Frustration with results


(Mark) #1

I’m about three months into my strict Keto journey. I use the LoseIt! app to track my macros and calories (yes, I believe calories do matter, even on Keto. Input must be less than output to lose weight).

My macros average (weekly): 62-70% fats, 25-30% proteins, and 2-4% carbs. My total carb intake is less than 30 grams daily (only from leafy greens and keto “approved” items).
My blood ketone level is just starting to nudge up (was 1.2 mmols yesterday) after I have added 30-45 mins of cardio exercise to my day. My urine ketone is high. I know they are different (urine is “waste” ketone?, but not sure the relationship).
My weight is not moving like others I know on this life style. I’m only down 11 pounds in since Jan 7th. Friends are down 20, 25 or even more.
If I don’t count calories, I don’t have any weight loss. I have a hard time keeping under 1800 calories when also trying to keep fats up - they are opposite in nature.
I do “feel” better, but I want and need to lose weight.
I’m 246 pounds age 54, 5’11". I carry it well, but I want to get down to 200.
What am I doing wrong? Can I be “keto” intolerant? I would think by now my ketone level would be 1.7 or higher being so strict. I’m wondering if I should just go onto a “eat what I want” diet while still counting and weighing foods. That is what I didn’t want to do and why I chose Keto life style. I didn’t want to be weighing and measuring foods, but I do anyway.
Can a person just not adapt to losing weight on keto? I’m very frustrated.
Any advice to improve my results?
TIA
Mark


(Little Miss Scare-All) #2

Are you losing inches? How do your clothes fit? Sometimes the scale is a jerk and shouldn’t be listened to. Do you feel or know you’re body is taking up less real-estate in this world?


(Cindy) #3

You’re not keto intolerant. You’re not really doing keto.

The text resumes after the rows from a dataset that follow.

text \<open>For a single query, the mean under \<open>D\<close> is an inadmissible answer for \<open>D_{\<alpha> v}\<close> only when the
  Rademacher sum \<open>\<Sum> v\<^sub>i (\<phi>(e\<^sub>i) - \<phi>(-e\<^sub>i))\<close> exceeds \<open>\<sqrt>(r/2)\<close> times its standard deviation.\<close>

lemma card_vstat_invalid:
  fixes \<phi> :: "(nat \<Rightarrow> real) \<Rightarrow> real"
  assumes "d > 0" "0 \<le> \<alpha>" "\<alpha> \<le> 1" "r > 0" and \<phi>: "\<forall>z. 0 \<le> \<phi> z \<and> \<phi> z \<le> 1"
  defines "p \<equiv> measure_pmf.expectation (D_ref d) \<phi>"
    and "Ev \<equiv> \<lambda>v. measure_pmf.expectation (D_vec d (\<lambda>i. \<alpha> * v i)) \<phi>"
  shows "real (card {v\<in>PiE {..<d} (\<lambda>_. {-1, 1}).
      \<not> \<bar>p - Ev v\<bar> \<le> vstat_tolerance (real d / (r * \<alpha>\<^sup>2)) (Ev v)}) \<le> 2 * 2 ^ d * exp (- r / 4)"
proof -
  define V where "V = PiE {..<d} (\<lambda>_. {-1::real, 1})"
  define n where "n = real d / (r * \<alpha>\<^sup>2)"
  define a where "a = (\<lambda>i. \<phi> (std_basis i) - \<phi> (- std_basis i))"
  show ?thesis
  proof (cases "\<alpha> = 0")
    case True
    \<comment> \<open>then \<open>n = 0\<close> by division by zero, but the two means coincide\<close>
    then have "\<bar>p - Ev v\<bar> \<le> vstat_tolerance n (Ev v)" if "v \<in> V" for v
      using expectation_D_vec_sign_minus_D_ref[OF \<open>d > 0\<close> \<open>0 \<le> \<alpha>\<close> \<open>\<alpha> \<le> 1\<close>, of v \<phi>] that
      by (simp add: V_def Ev_def p_def n_def vstat_tolerance_nonneg)
    then have "{v\<in>V. \<not> \<bar>p - Ev v\<bar> \<le> vstat_tolerance n (Ev v)} = {}"
      by blast
    then show ?thesis
      unfolding V_def n_def by (simp only: card.empty) simp
  next
    case False
    then have "\<alpha> > 0" "n > 0"
      using assms by (simp_all add: n_def)
    define m where "m = min p (1 - p)"
    define t where "t = 2 * real d * max (1 / n) (sqrt (m / (4 * n))) / \<alpha>"
    have "m \<ge> 0"
      using expectation_unit_interval[OF \<phi>] by (simp add: m_def p_def)
    have "t \<ge> 0"
      using \<open>\<alpha> > 0\<close> \<open>n > 0\<close> by (simp add: t_def le_max_iff_disj)
    have "{v\<in>V. \<not> \<bar>p - Ev v\<bar> \<le> vstat_tolerance n (Ev v)} \<subseteq> {v\<in>V. t < \<bar>\<Sum>i<d. v i * a i\<bar>}"
      using large_sign_sum_if_vstat_invalid[OF \<open>d > 0\<close> \<open>\<alpha> > 0\<close> \<open>\<alpha> \<le> 1\<close> \<open>n > 0\<close> \<phi>]
      by (auto simp: V_def t_def m_def a_def p_def Ev_def)
    then have "real (card {v\<in>V. \<not> \<bar>p - Ev v\<bar> \<le> vstat_tolerance n (Ev v)})
        \<le> real (card {v\<in>V. t < \<bar>\<Sum>i<d. v i * a i\<bar>})"
      by (intro of_nat_mono card_mono) (simp_all add: V_def finite_PiE)
    also have "\<dots> \<le> 2 * 2 ^ d * exp (- r / 4)"
    proof -
      have "m / (4 * n) = (sqrt (m / (4 * n)))\<^sup>2"
        using \<open>m \<ge> 0\<close> \<open>n > 0\<close> by simp
      also have "\<dots> \<le> (max (1 / n) (sqrt (m / (4 * n))))\<^sup>2"
        using \<open>m \<ge> 0\<close> \<open>n > 0\<close> by (intro power_mono) simp_all
      finally have variance: "real d * m * r \<le> t\<^sup>2"
        using \<open>\<alpha> > 0\<close> \<open>r > 0\<close> \<open>d > 0\<close>
        by (simp add: t_def n_def power_divide power_mult_distrib field_simps power2_eq_square)
      have "(\<Sum>i<d. (a i)\<^sup>2) \<le> 2 * real d * m"
        unfolding a_def m_def p_def by (rule sum_square_diff_std_basis_le[OF \<open>d > 0\<close> \<phi>])
      then have "2 * (r / 4) * (\<Sum>i<d. (a i)\<^sup>2) \<le> 2 * (r / 4) * (2 * real d * m)"
        using \<open>r > 0\<close> by (intro mult_left_mono) auto
      also have "\<dots> \<le> t\<^sup>2"
        using variance by (simp add: ac_simps)
      finally show ?thesis
        using card_sign_vectors_abs_tail[OF _ \<open>t \<ge> 0\<close>, of "{..<d}" "r / 4" a]
        by (simp add: V_def)
    qed
    finally show ?thesis
      unfolding V_def n_def .
  qed
qed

No, not really. I’ve had weeks where I feel like I over eat. Certainly, if I were tracking calories, I’d be way over my “allotment.” Those are weeks where I’ll see a drop in scale number. Other days, I’m eating 500-800 calories and the scale doesn’t budge.

The problem with focusing on calories is that it means you’re NOT listening to what your body needs on a daily basis. One day, you might need more (or less) fat, more (or less) protein, etc. Keto is about regulating the hormones that helped us get fat in the first place. If you’re not willing to let those hormones regulate themselves, you’re not really doing keto but just another version of a calorie restrictive diet.

Then don’t! You need to do this as a lifestyle, not a weight loss diet. You need to find the way you CAN do it long-term. Again, not to try to force weight loss in x period of time. Trust (I know that can be difficult to do!) in the process and let it happen.

And you can do it that way. I started keto at the beginning of November. Haven’t a clue how much weight I lost in the first 3 months because I didn’t weigh. I judged my success from clothing and how I FELT (less creaky, more positive, etc). When I did start weighing, I started weighing sporadically in January…and since then, I’ve lost 1-5 lbs depending on what the scale shows on any given day. BUT…I’m still fitting into clothes more easily. Sure, at some point, that scale needs to drop, but what’s more important is SIZE, HEALTH, and whether or not I can sustain this woe…otherwise, the weight will just come back.


(Bacon is a many-splendoured thing) #4

Input must be non-insulinogenic, or calories will be stored. The hypothesis behind the ketogenic diet is that by manipulating the hormonal situation by eating very little carbohydrate, the body will adjust its metabolism automatically to use both the food eaten and stored resources. There is a limit to how much leverage we can put on the body’s food partitioning by limiting caloric intake, because the body adjusts the metabolism according to the food intake. Read the follow-up study on the Biggest Loser contestants and they metabolic damage they experienced.


(Scott) #5

While gluttony with regard to calories is not going to work however counting them on keto is not the fist step but the last step if at all. This is not about restriction. It is about optimization and adaption. I was a big CICO calorie deficit person and lost 53 pounds via starving and maxing out on exercise. Then a funny thing happened. I gradually put thirty pounds back on.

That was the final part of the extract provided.